Don’t Translate; Collocate!
While correcting a few student essays recently, I encountered several sentences that demonstrate the power of using collocations (搭配) in English.
A collocation is defined as “a sequence of words or terms which co-occur more often than would be expected by chance” (http://en.wikipedia.org/wiki/Collocation).
For example, if one would like to use the word “deadline (最後期限)” in spoken or written English, it is important to recognize that “deadline” only occurs with certain verbs, which include “set,” “meet,” “extend,” “move up,” and “miss.” Therefore, collocations such as “set a deadline,” “meet a deadline,” “extend a deadline,” “move up a deadline,” and “miss a deadline” are habitually used in English when expressing thoughts and actions related to “deadline.”
Language learners, especially when using new lexis or expressing complex thoughts in the target language, will frequently put words together in combinations that are not produced by native speakers. Translation is also a strategy used by learners to form sentences in this situation.
While not always resulting in communicative difficulties, the sentences created in this fashion will nonetheless be judged as being “weird” by native speakers.
When using unfamiliar lexis, rather than randomly putting words together or using translation to form sentences, a shortcut to using the vocabulary correctly is to check English-English dictionary example sentences to discover which words go together with the lexis being used. Even better, a collocation dictionary can be consulted. This will help a learner construct the fluent sentences of a native speaker. Here is how it works.
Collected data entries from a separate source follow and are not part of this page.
(* For every integer $n\ge 1$, $\gamma^{DLD}(P_n\square P_2)=n$.
   Context: $P_k$ denotes the path on $k$ vertices. The Cartesian product $G\square H$ has vertex set $V(G)\times V(H)$, with $(u,v)$ adjacent to $(u',v')$ iff either $u=u'$ and $vv'\in E(H)$, or $uu'\in E(G)$ and $v=v'$. For a vertex $u$, $N[u]$ is its closed neighbourhood. A code is a non-empty subset $C$ of the vertex set $V$; $I(C;u)=N[u]\cap C$. A code $C$ is solid-locating-dominating if $I(C;u)\ne\emptyset$ for every $u\in V\setminus C$ and $I(C;u)\not\subseteq I(C;v)$ for all distinct $u,v\in V\setminus C$; $\gamma^{DLD}$ is the minimum size of such a code. *)

theory Defs
  imports Main
begin

definition path_verts :: "nat \<Rightarrow> nat set" where
  "path_verts k = {0..<k}"

definition path_adj :: "nat \<Rightarrow> nat \<Rightarrow> bool" where
  "path_adj u v \<longleftrightarrow> u = Suc v \<or> v = Suc u"

definition cart_adj :: "('a \<Rightarrow> 'a \<Rightarrow> bool) \<Rightarrow> ('b \<Rightarrow> 'b \<Rightarrow> bool)
    \<Rightarrow> 'a \<times> 'b \<Rightarrow> 'a \<times> 'b \<Rightarrow> bool" where
  "cart_adj EG EH x y \<longleftrightarrow>
     (fst x = fst y \<and> EH (snd x) (snd y)) \<or> (EG (fst x) (fst y) \<and> snd x = snd y)"

definition closed_nbhd :: "'v set \<Rightarrow> ('v \<Rightarrow> 'v \<Rightarrow> bool) \<Rightarrow> 'v \<Rightarrow> 'v set" where
  "closed_nbhd V E u = {v \<in> V. v = u \<or> E u v}"

definition I_code :: "'v set \<Rightarrow> ('v \<Rightarrow> 'v \<Rightarrow> bool) \<Rightarrow> 'v set \<Rightarrow> 'v \<Rightarrow> 'v set" where
  "I_code V E C u = closed_nbhd V E u \<inter> C"

definition is_solid_LD :: "'v set \<Rightarrow> ('v \<Rightarrow> 'v \<Rightarrow> bool) \<Rightarrow> 'v set \<Rightarrow> bool" where
  "is_solid_LD V E C \<longleftrightarrow> C \<noteq> {} \<and> C \<subseteq> V \<and>
     (\<forall>u \<in> V - C. I_code V E C u \<noteq> {}) \<and>
     (\<forall>u \<in> V - C. \<forall>v \<in> V - C. u \<noteq> v \<longrightarrow> \<not> I_code V E C u \<subseteq> I_code V E C v)"

definition gamma_DLD :: "'v set \<Rightarrow> ('v \<Rightarrow> 'v \<Rightarrow> bool) \<Rightarrow> nat" where
  "gamma_DLD V E = (LEAST k. \<exists>C. is_solid_LD V E C \<and> card C = k)"

end

theory Submission
  imports Defs
begin

text \<open>
  One row of the ladder \<open>P\<^sub>n \<box> P\<^sub>2\<close> is a solid-locating-dominating code: every vertex of
  the other row sees exactly its own partner in its column.

  For the lower bound we inject the non-code vertices into the code. A non-code vertex whose
  partner in its column is a code vertex is sent to that partner. Otherwise its column is empty;
  domination and separation force a full neighbouring column, and the vertex is sent to the vertex
  in the same row of that column, preferring the right neighbour. Two empty columns could only
  compete for the same full column \<open>c\<close> if they were \<open>c - 1\<close> and \<open>c + 1\<close>, but separating
  \<open>c + 1\<close> from \<open>c - 1\<close> forces column \<open>c + 2\<close> to be full, so \<open>c + 1\<close> chooses its right neighbour.
\<close>

lemma gamma_DLD_eqI:
  assumes "is_solid_LD V E C" and "card C = k"
    and "\<And>C'. is_solid_LD V E C' \<Longrightarrow> k \<le> card C'"
  shows "gamma_DLD V E = k"
  unfolding gamma_DLD_def
  by (rule Least_equality) (use assms in auto)

lemma solid_LD_dominates:
  assumes "is_solid_LD V E C" and "u \<in> V - C"
  shows "\<exists>c\<in>C. E u c"
proof -
  from assms have "I_code V E C u \<noteq> {}" by (simp add: is_solid_LD_def)
  then obtain c where "c \<in> C" "c = u \<or> E u c" by (auto simp: I_code_def closed_nbhd_def)
  with assms(2) show ?thesis by auto
qed

lemma solid_LD_separates:
  assumes "is_solid_LD V E C" and "u \<in> V - C" and "v \<in> V - C" and "u \<noteq> v"
  shows "\<exists>c\<in>C. E u c \<and> c \<noteq> v \<and> \<not> E v c"
proof -
  from assms have "\<not> I_code V E C u \<subseteq> I_code V E C v" by (simp add: is_solid_LD_def)
  then obtain c where "c \<in> C" "c \<in> V" "c = u \<or> E u c" "c \<noteq> v" "\<not> E v c"
    by (auto simp: I_code_def closed_nbhd_def)
  with assms(2) show ?thesis by auto
qed

lemma card_le_twice_if_inj_complement:
  assumes "finite V" and "C \<subseteq> V" and "inj_on g (V - C)" and "g ` (V - C) \<subseteq> C"
  shows "card V \<le> 2 * card C"
proof -
  have "finite C" using assms(1,2) by (rule finite_subset[rotated])
  then have "card (V - C) \<le> card C"
    using card_inj_on_le assms(3,4) by blast
  moreover have "card V = card C + card (V - C)"
    using card_Diff_subset[OF \<open>finite C\<close> assms(2)] card_mono[OF assms(1,2)] by simp
  ultimately show ?thesis by simp
qed

abbreviation ladder_verts :: "nat \<Rightarrow> (nat \<times> nat) set" where
  "ladder_verts n \<equiv> path_verts n \<times> path_verts 2"

abbreviation ladder_adj :: "nat \<times> nat \<Rightarrow> nat \<times> nat \<Rightarrow> bool" where
  "ladder_adj \<equiv> cart_adj path_adj path_adj"

lemma ladder_adj_iff:
  assumes "b < 2" and "y < 2"
  shows "ladder_adj (a, b) (x, y) \<longleftrightarrow> (x = a \<and> y = 1 - b) \<or> ((x = Suc a \<or> a = Suc x) \<and> y = b)"
  using assms by (auto simp: cart_adj_def path_adj_def)

lemma card_ladder_verts: "card (ladder_verts n) = 2 * n"
  by (simp add: path_verts_def card_cartesian_product)

lemma I_code_bottom_row:
  assumes "a < n"
  shows "I_code (ladder_verts n) ladder_adj ({0..<n} \<times> {0}) (a, Suc 0) = {(a, 0)}"
proof (rule set_eqI)
  fix z show "z \<in> I_code (ladder_verts n) ladder_adj ({0..<n} \<times> {0}) (a, Suc 0) \<longleftrightarrow> z \<in> {(a, 0)}"
  using assms by (cases z) (auto simp: I_code_def closed_nbhd_def path_verts_def cart_adj_def path_adj_def)
qed

lemma ladder_minus_bottom_row: "ladder_verts n - {0..<n} \<times> {0} = {0..<n} \<times> {1}"
  by (auto simp: path_verts_def)

lemma bottom_row_solid_LD:
  assumes "n \<ge> 1"
  shows "is_solid_LD (ladder_verts n) ladder_adj ({0..<n} \<times> {0})"
  unfolding is_solid_LD_def ladder_minus_bottom_row
  using assms by (auto simp: I_code_bottom_row) (auto simp: path_verts_def)

locale ladder_code =
  fixes n :: nat and C :: "(nat \<times> nat) set"
  assumes solid: "is_solid_LD (ladder_verts n) ladder_adj C"
begin

definition empty_col :: "nat \<Rightarrow> bool" where
  "empty_col i \<longleftrightarrow> (i, 0) \<notin> C \<and> (i, 1) \<notin> C"

definition full_col :: "nat \<Rightarrow> bool" where
  "full_col i \<longleftrightarrow> (i, 0) \<in> C \<and> (i, 1) \<in> C"

lemma code_in_ladder: "C \<subseteq> ladder_verts n"
  using solid by (simp add: is_solid_LD_def)

lemma code_bounds: "(x, y) \<in> C \<Longrightarrow> x < n \<and> y < 2"
  using code_in_ladder by (auto simp: path_verts_def)

lemma dominated:
  assumes "a < n" and "b < 2" and "(a, b) \<notin> C"
  shows "(a, 1 - b) \<in> C \<or> (Suc a, b) \<in> C \<or> (\<exists>a'. a = Suc a' \<and> (a', b) \<in> C)"
proof -
  have "(a, b) \<in> ladder_verts n - C" using assms by (simp add: path_verts_def)
  then obtain x y where xy: "(x, y) \<in> C" "ladder_adj (a, b) (x, y)"
    using solid_LD_dominates[OF solid] by fast
  with code_bounds have "y < 2" by blast
  with xy show ?thesis using ladder_adj_iff[OF assms(2)] by auto
qed

text \<open>
  Of the three neighbours of \<open>(a + 1, b)\<close>, the partner is not a code vertex and \<open>(a, b)\<close> is
  seen by \<open>v\<close>, so only \<open>(a + 2, b)\<close> can separate \<open>(a + 1, b)\<close> from \<open>v\<close>.
\<close>

lemma separation_forces_right:
  assumes "Suc a < n" and "b < 2" and "(Suc a, b) \<notin> C" and "(Suc a, 1 - b) \<notin> C"
    and "v \<in> ladder_verts n - C" and "v \<noteq> (Suc a, b)" and "ladder_adj v (a, b)"
  shows "(Suc (Suc a), b) \<in> C"
proof -
  have "(Suc a, b) \<in> ladder_verts n - C" using assms(1-3) by (simp add: path_verts_def)
  then obtain x y where xy: "(x, y) \<in> C" "ladder_adj (Suc a, b) (x, y)"
      "(x, y) \<noteq> v" "\<not> ladder_adj v (x, y)"
    using solid_LD_separates[OF solid _ assms(5) assms(6)[symmetric]] by fast
  from xy code_bounds have "y < 2" by blast
  with xy(2) consider "(x, y) = (Suc a, 1 - b)" | "(x, y) = (Suc (Suc a), b)" | "(x, y) = (a, b)"
    using ladder_adj_iff[OF assms(2)] by fastforce
  then show ?thesis
  proof cases
    case 1 with xy(1) assms(4) show ?thesis by simp
  next
    case 2 with xy(1) show ?thesis by simp
  next
    case 3 with xy(4) assms(7) show ?thesis by simp
  qed
qed

lemma empty_col_has_full_neighbour:
  assumes "i < n" and "empty_col i"
  shows "full_col (Suc i) \<or> (\<exists>j. i = Suc j \<and> full_col j)"
proof (cases i)
  case 0
  with assms dominated[of 0 0] dominated[of 0 1] show ?thesis
    by (auto simp: empty_col_def full_col_def)
next
  case (Suc j)
  have "j < n" using assms(1) Suc by simp
  have left_or_right: "(j, b) \<in> C \<or> (Suc i, b) \<in> C" if "b < 2" for b
    using dominated[of i b] assms that Suc by (auto simp: empty_col_def less_2_cases_iff)
  have right: "(Suc i, b) \<in> C" if "b < 2" and "(j, 1 - b) \<notin> C" for b
  proof (rule separation_forces_right[of j b "(j, 1 - b)", folded Suc])
    show "(j, 1 - b) \<in> ladder_verts n - C"
      using \<open>j < n\<close> that by (simp add: path_verts_def)
    show "ladder_adj (j, 1 - b) (j, b)"
      using that by (auto simp: cart_adj_def path_adj_def less_2_cases_iff)
  qed (use assms that Suc in \<open>auto simp: empty_col_def less_2_cases_iff\<close>)
  show ?thesis
    using left_or_right[of 0] left_or_right[of 1] right[of 0] right[of 1] Suc
    by (auto simp: full_col_def)
qed

lemma empty_cols_two_apart_force_full:
  assumes "Suc (Suc a) < n" and "empty_col a" and "empty_col (Suc (Suc a))"
  shows "full_col (Suc (Suc (Suc a)))"
proof -
  have "(Suc (Suc (Suc a)), b) \<in> C" if "b < 2" for b
  proof (rule separation_forces_right[of "Suc a" b "(a, b)"])
    show "(a, b) \<in> ladder_verts n - C"
      using assms that by (auto simp: path_verts_def empty_col_def less_2_cases_iff)
    show "ladder_adj (a, b) (Suc a, b)" by (simp add: cart_adj_def path_adj_def)
  qed (use assms that in \<open>auto simp: empty_col_def less_2_cases_iff\<close>)
  then show ?thesis by (simp add: full_col_def)
qed

definition host_col :: "nat \<Rightarrow> nat" where
  "host_col i = (if full_col (Suc i) then Suc i else i - 1)"

lemma host_col_full:
  assumes "i < n" and "empty_col i"
  shows "full_col (host_col i)"
  using empty_col_has_full_neighbour[OF assms] by (auto simp: host_col_def)

lemma host_col_less_neq:
  assumes "i < i'" and "i' < n" and "empty_col i" and "empty_col i'"
  shows "host_col i \<noteq> host_col i'"
proof
  assume same: "host_col i = host_col i'"
  have "0 < i \<or> full_col (Suc i)"
    using empty_col_has_full_neighbour[of i] assms by auto
  with same have "\<not> full_col (Suc i')" and "full_col (Suc i)" and "i' = Suc (Suc i)"
    using assms(1) by (auto simp: host_col_def split: if_splits)
  then show False
    using empty_cols_two_apart_force_full[of i] assms by simp
qed

lemma inj_on_host_col: "inj_on host_col {i. i < n \<and> empty_col i}"
  by (rule inj_onI) (metis (mono_tags, lifting) host_col_less_neq linorder_neqE_nat mem_Collect_eq)

definition code_partner :: "nat \<times> nat \<Rightarrow> nat \<times> nat" where
  "code_partner u =
     (if (fst u, 1 - snd u) \<in> C then (fst u, 1 - snd u) else (host_col (fst u), snd u))"

lemma empty_col_if_partner_not_code:
  assumes "(a, b) \<in> ladder_verts n - C" and "(a, 1 - b) \<notin> C"
  shows "a < n" and "empty_col a"
  using assms by (auto simp: path_verts_def empty_col_def less_2_cases_iff)

lemma code_partner_in_code:
  assumes ab: "(a, b) \<in> ladder_verts n - C"
  shows "code_partner (a, b) \<in> C"
proof (cases "(a, 1 - b) \<in> C")
  case False
  with ab have "full_col (host_col a)"
    using host_col_full empty_col_if_partner_not_code by blast
  with ab False show ?thesis
    by (auto simp: code_partner_def full_col_def path_verts_def less_2_cases_iff)
qed (simp add: code_partner_def)

lemma code_partner_eqD:
  assumes ab: "(a, b) \<in> ladder_verts n - C" and ab': "(a', b') \<in> ladder_verts n - C"
    and eq: "code_partner (a, b) = code_partner (a', b')"
  shows "(a, b) = (a', b')"
proof -
  have host_full: "full_col (host_col i)"
    if "(i, j) \<in> ladder_verts n - C" and "(i, 1 - j) \<notin> C" for i j
    using host_col_full[OF empty_col_if_partner_not_code[OF that]] .
  consider "(a, 1 - b) \<in> C" "(a', 1 - b') \<in> C"
    | "(a, 1 - b) \<notin> C" "(a', 1 - b') \<notin> C"
    | "((a, 1 - b) \<in> C) \<noteq> ((a', 1 - b') \<in> C)" by blast
  then show ?thesis
  proof cases
    case 1
    with eq ab ab' show ?thesis by (auto simp: code_partner_def path_verts_def less_2_cases_iff)
  next
    case 2
    with eq have "host_col a = host_col a'" "b = b'" by (simp_all add: code_partner_def)
    moreover have "a \<in> {i. i < n \<and> empty_col i}" "a' \<in> {i. i < n \<and> empty_col i}"
      using empty_col_if_partner_not_code 2 ab ab' by blast+
    ultimately show ?thesis using inj_on_host_col by (auto dest: inj_onD)
  next
    case 3
    with eq ab ab' host_full[OF ab] host_full[OF ab'] show ?thesis
      by (auto simp: code_partner_def full_col_def path_verts_def less_2_cases_iff)
  qed
qed

lemma inj_on_code_partner: "inj_on code_partner (ladder_verts n - C)"
  by (rule inj_onI) (use code_partner_eqD in fastforce)

lemma code_partner_into_code: "code_partner ` (ladder_verts n - C) \<subseteq> C"
  using code_partner_in_code by fastforce

theorem card_code_ge: "n \<le> card C"
proof -
  have "card (ladder_verts n) \<le> 2 * card C"
    by (rule card_le_twice_if_inj_complement[OF _ code_in_ladder inj_on_code_partner
          code_partner_into_code]) (simp add: path_verts_def)
  then show ?thesis by (simp add: card_ladder_verts)
qed

end

theorem mainTheorem18:
  fixes n :: nat
  assumes "n \<ge> 1"
  shows "gamma_DLD (path_verts n \<times> path_verts 2) (cart_adj path_adj path_adj) = n"
proof (rule gamma_DLD_eqI)
  show "is_solid_LD (ladder_verts n) ladder_adj ({0..<n} \<times> {0})"
    using assms by (rule bottom_row_solid_LD)
  show "card ({0..<n} \<times> {0 :: nat}) = n"
    by (simp add: card_cartesian_product)
  show "n \<le> card C" if "is_solid_LD (ladder_verts n) ladder_adj C" for C
    using that by (rule ladder_code.card_code_ge[OF ladder_code.intro])
qed

end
One student essay contained this sentence: “There is indeed a place, East Africa, which is the very place that can broaden one’s eyes and that’s where I long to visit most.” “Broaden” is the key verb. Checking a suitable dictionary is illuminating. “Broaden” collocates with nouns like “perspective,” “point of view,” or “horizons,” but not “eye.” Therefore, the sentence can be edited like this: “There indeed is a place: East Africa. Here a person can broaden his or her perspective. This is the place I long to visit the most.”
In another essay, a student wrote: “In contrast, there’s still someone like to take a challenge in pursuit of their ideal. To me, I tend to hold the positive attitude toward taking a challenge in life.” Checking a proper dictionary yields that “challenge” is usually used in phrases like “face a/the challenge,” “accept a/the challenge,” or “meet a/the challenge.” In addition, “take” is used in phrases like “take a chance,” or “take a risk.” As a result, the idea can be expressed in this way: “In contrast, others like to take chances in pursuit of ideals. I tend to have a positive attitude toward facing challenges in my life.”
While I generally contend that there are no shortcuts to studying language, I will nevertheless venture suggesting one for learning English: When trying out new lexis, check a dictionary—in particular, a dictionary with collocation resources—to determine which word combinations are possible with the lexis in question. Doing so will make the sentences formed look and sound just like the ones that native speakers often produce.